• EXERCISE DETAILS
Provide again, from the entries below, every line from the one containing "(simp add: mult.assoc)" through the one containing "assms(3) by linarith", exactly as written, and no other line.

++++ DATASET

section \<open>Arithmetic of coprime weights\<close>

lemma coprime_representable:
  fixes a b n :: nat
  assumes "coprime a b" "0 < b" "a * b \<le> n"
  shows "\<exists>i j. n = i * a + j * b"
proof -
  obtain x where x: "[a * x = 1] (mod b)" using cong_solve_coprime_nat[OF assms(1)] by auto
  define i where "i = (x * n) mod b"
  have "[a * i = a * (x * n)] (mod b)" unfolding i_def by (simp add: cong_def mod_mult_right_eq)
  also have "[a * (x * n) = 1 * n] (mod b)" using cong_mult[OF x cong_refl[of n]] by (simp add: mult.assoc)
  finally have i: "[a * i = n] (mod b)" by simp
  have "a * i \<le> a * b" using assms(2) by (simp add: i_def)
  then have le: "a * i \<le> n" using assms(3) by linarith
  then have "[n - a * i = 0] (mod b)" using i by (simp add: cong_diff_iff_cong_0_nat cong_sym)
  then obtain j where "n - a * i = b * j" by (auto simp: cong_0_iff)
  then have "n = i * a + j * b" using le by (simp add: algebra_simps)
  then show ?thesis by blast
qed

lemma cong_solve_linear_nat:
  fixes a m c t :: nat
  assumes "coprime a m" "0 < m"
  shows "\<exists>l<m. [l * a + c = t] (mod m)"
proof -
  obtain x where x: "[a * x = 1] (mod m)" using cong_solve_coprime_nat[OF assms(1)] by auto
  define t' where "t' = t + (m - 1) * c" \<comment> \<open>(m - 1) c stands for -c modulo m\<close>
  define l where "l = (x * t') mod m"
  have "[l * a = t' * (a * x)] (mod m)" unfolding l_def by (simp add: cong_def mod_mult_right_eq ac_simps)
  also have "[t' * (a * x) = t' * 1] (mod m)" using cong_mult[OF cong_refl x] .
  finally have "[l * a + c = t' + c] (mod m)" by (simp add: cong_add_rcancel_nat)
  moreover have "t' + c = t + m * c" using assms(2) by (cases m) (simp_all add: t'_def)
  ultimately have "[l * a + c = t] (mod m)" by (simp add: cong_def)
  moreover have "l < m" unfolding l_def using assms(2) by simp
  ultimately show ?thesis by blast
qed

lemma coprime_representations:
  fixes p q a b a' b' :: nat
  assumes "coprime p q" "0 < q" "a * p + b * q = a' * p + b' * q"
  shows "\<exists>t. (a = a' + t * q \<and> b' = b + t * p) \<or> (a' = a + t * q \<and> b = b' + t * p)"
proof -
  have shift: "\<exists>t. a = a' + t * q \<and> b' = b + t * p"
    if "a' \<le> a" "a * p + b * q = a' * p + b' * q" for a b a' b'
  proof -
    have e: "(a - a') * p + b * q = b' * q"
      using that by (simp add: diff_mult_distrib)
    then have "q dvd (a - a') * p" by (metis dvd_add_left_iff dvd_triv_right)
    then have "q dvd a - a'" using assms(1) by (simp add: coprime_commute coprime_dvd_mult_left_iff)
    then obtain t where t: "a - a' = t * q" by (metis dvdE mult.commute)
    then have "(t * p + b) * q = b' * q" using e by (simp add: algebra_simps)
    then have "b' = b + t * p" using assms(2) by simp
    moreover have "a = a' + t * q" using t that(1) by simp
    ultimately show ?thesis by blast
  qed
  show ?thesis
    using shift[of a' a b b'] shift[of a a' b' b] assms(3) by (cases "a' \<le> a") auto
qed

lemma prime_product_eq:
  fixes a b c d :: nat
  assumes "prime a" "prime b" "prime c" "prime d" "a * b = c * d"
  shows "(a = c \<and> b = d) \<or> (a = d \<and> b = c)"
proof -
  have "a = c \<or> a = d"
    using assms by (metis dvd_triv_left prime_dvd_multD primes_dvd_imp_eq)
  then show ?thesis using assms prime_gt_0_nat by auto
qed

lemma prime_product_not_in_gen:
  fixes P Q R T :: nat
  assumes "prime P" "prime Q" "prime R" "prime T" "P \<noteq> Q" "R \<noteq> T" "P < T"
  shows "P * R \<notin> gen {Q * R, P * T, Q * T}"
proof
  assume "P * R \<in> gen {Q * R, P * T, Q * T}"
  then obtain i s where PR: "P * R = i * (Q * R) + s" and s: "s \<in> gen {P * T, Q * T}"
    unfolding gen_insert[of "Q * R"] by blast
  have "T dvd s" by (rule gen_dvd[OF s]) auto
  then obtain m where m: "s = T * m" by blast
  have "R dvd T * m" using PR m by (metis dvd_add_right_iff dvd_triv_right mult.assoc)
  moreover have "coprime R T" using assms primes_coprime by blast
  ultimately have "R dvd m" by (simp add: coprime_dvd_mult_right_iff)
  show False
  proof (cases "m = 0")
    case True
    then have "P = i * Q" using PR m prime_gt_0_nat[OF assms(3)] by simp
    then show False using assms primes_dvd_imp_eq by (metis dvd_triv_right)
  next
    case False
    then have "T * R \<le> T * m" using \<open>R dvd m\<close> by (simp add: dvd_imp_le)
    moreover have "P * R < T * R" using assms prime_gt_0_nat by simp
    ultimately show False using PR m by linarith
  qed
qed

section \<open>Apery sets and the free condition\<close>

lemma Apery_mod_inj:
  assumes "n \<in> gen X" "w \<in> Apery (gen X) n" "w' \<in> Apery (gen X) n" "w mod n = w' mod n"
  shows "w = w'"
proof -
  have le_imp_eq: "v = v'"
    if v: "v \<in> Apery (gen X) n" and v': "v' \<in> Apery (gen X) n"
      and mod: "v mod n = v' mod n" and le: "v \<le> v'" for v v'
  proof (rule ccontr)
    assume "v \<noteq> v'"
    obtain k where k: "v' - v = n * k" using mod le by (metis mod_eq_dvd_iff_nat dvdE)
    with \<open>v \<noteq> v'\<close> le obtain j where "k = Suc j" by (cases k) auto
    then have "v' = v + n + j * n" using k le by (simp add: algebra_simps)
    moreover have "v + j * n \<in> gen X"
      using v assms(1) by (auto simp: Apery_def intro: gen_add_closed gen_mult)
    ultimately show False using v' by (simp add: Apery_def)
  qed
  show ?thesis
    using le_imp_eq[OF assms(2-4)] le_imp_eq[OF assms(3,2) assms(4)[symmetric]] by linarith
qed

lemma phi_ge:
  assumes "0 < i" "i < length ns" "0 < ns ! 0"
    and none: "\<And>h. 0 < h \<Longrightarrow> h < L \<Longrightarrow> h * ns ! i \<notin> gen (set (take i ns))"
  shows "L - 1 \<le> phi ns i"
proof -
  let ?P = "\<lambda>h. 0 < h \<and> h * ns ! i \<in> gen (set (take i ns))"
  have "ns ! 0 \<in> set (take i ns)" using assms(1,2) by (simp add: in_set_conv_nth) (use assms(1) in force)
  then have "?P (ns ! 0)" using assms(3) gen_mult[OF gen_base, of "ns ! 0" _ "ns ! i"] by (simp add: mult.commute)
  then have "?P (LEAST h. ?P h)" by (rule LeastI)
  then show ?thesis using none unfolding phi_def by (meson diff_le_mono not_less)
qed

++++++++

• EXERCISE ANSWER
  also have "[a * (x * n) = 1 * n] (mod b)" using cong_mult[OF x cong_refl[of n]] by (simp add: mult.assoc)
  finally have i: "[a * i = n] (mod b)" by simp
  have "a * i \<le> a * b" using assms(2) by (simp add: i_def)
  then have le: "a * i \<le> n" using assms(3) by linarith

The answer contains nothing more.